### Your instructions
All that is wanted is a word-for-word copy of the data from its first line to the line containing "using that by", both included.

### Records shown
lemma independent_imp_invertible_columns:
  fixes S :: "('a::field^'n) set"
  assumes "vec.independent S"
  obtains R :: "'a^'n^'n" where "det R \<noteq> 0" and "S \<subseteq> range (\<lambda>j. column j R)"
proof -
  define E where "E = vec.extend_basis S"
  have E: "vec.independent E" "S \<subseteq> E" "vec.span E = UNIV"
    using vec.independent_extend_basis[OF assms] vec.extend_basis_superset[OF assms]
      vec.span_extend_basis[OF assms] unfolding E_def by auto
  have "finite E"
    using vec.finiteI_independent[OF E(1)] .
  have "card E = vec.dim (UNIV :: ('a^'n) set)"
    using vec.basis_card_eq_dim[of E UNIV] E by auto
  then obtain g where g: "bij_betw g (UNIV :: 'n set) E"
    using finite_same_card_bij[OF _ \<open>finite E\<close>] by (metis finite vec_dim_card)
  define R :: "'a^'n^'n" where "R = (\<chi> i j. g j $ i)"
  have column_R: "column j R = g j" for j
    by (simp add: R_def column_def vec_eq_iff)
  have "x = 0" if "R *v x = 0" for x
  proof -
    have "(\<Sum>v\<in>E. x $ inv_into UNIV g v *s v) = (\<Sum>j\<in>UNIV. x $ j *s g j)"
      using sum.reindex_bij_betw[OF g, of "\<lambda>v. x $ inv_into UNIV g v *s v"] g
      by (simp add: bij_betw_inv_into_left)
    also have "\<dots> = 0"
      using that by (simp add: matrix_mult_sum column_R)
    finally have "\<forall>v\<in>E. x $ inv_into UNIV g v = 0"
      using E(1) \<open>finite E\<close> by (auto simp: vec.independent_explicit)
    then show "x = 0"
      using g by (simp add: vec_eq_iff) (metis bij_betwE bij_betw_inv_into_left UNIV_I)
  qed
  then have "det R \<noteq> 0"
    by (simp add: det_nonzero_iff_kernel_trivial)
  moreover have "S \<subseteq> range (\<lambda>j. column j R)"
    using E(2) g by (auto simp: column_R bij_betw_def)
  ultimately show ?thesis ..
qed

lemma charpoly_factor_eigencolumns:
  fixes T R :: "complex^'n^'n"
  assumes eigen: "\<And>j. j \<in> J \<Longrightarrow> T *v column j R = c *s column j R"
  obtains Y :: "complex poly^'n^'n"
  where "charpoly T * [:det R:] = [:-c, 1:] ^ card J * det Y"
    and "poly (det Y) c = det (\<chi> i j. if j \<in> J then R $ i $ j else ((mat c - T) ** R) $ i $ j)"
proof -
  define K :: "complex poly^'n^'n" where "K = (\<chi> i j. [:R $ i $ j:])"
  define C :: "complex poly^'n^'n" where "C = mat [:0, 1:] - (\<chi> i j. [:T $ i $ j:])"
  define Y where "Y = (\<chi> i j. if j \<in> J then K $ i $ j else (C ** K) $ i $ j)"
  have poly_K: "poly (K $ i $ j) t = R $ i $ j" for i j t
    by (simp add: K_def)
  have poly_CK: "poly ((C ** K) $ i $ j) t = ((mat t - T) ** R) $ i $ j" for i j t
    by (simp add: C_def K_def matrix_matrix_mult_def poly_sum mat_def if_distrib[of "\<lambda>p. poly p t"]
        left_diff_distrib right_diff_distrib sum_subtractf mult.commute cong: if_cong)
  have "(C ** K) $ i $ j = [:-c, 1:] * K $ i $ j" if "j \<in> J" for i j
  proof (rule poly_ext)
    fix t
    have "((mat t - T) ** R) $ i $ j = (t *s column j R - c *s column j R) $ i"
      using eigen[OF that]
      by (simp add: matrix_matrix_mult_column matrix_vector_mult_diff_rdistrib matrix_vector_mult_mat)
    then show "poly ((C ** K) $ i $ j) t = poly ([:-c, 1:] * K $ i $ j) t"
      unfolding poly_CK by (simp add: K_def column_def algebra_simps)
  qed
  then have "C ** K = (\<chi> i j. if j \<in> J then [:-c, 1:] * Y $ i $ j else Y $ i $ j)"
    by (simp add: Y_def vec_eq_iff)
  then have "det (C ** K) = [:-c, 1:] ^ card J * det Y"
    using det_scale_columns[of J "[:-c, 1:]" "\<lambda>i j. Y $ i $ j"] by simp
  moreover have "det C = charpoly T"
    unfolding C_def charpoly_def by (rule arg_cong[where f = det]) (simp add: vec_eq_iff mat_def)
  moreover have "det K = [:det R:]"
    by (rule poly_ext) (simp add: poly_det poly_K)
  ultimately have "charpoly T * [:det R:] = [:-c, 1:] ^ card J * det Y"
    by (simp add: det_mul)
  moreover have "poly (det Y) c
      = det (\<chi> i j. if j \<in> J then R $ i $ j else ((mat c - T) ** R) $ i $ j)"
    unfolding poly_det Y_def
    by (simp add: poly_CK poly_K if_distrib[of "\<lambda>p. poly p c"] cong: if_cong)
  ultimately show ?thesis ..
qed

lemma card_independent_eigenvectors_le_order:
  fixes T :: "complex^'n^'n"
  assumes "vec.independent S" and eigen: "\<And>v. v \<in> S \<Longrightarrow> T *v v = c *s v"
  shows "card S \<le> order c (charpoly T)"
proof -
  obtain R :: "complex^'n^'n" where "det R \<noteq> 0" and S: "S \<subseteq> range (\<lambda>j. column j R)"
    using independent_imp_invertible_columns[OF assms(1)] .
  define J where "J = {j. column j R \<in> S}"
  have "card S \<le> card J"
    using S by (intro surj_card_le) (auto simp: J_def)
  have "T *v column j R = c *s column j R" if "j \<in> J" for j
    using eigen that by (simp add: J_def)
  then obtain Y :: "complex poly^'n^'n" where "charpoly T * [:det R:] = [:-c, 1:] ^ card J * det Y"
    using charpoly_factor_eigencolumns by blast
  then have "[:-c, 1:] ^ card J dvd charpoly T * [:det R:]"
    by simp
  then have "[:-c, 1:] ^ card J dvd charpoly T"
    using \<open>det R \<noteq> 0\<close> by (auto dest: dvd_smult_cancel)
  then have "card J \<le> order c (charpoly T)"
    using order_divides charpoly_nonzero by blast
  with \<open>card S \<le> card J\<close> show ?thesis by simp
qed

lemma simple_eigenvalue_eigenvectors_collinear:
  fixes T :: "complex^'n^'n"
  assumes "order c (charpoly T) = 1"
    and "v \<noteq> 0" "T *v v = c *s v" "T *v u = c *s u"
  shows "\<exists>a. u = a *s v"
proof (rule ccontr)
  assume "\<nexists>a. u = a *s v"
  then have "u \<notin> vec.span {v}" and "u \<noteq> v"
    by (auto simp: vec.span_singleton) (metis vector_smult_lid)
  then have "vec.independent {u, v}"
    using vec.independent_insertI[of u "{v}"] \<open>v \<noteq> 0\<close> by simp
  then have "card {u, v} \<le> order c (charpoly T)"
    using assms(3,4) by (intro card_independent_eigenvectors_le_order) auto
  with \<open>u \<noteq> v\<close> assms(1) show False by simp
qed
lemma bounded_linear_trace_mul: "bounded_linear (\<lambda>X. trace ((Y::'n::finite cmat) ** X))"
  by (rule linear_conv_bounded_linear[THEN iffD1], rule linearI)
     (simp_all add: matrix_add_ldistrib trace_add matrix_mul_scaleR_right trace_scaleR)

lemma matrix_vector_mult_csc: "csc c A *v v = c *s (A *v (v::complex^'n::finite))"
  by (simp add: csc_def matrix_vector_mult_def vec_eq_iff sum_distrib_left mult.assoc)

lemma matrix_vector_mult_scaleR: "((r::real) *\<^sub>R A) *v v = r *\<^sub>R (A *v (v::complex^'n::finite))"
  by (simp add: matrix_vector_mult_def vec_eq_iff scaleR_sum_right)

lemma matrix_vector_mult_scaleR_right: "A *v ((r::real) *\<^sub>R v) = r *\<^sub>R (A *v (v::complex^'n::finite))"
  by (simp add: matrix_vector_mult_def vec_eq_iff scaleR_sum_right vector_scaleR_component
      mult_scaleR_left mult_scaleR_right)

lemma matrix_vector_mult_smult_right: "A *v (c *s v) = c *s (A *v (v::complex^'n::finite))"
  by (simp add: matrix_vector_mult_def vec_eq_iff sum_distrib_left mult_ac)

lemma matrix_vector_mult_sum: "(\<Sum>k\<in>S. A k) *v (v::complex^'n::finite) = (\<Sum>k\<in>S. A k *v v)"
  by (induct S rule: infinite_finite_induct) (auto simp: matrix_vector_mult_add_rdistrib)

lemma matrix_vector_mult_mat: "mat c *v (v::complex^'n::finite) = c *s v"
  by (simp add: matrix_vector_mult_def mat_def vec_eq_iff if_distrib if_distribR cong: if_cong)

### Solution
lemma independent_imp_invertible_columns:
  fixes S :: "('a::field^'n) set"
  assumes "vec.independent S"
  obtains R :: "'a^'n^'n" where "det R \<noteq> 0" and "S \<subseteq> range (\<lambda>j. column j R)"
proof -
  define E where "E = vec.extend_basis S"
  have E: "vec.independent E" "S \<subseteq> E" "vec.span E = UNIV"
    using vec.independent_extend_basis[OF assms] vec.extend_basis_superset[OF assms]
      vec.span_extend_basis[OF assms] unfolding E_def by auto
  have "finite E"
    using vec.finiteI_independent[OF E(1)] .
  have "card E = vec.dim (UNIV :: ('a^'n) set)"
    using vec.basis_card_eq_dim[of E UNIV] E by auto
  then obtain g where g: "bij_betw g (UNIV :: 'n set) E"
    using finite_same_card_bij[OF _ \<open>finite E\<close>] by (metis finite vec_dim_card)
  define R :: "'a^'n^'n" where "R = (\<chi> i j. g j $ i)"
  have column_R: "column j R = g j" for j
    by (simp add: R_def column_def vec_eq_iff)
  have "x = 0" if "R *v x = 0" for x
  proof -
    have "(\<Sum>v\<in>E. x $ inv_into UNIV g v *s v) = (\<Sum>j\<in>UNIV. x $ j *s g j)"
      using sum.reindex_bij_betw[OF g, of "\<lambda>v. x $ inv_into UNIV g v *s v"] g
      by (simp add: bij_betw_inv_into_left)
    also have "\<dots> = 0"
      using that by (simp add: matrix_mult_sum column_R)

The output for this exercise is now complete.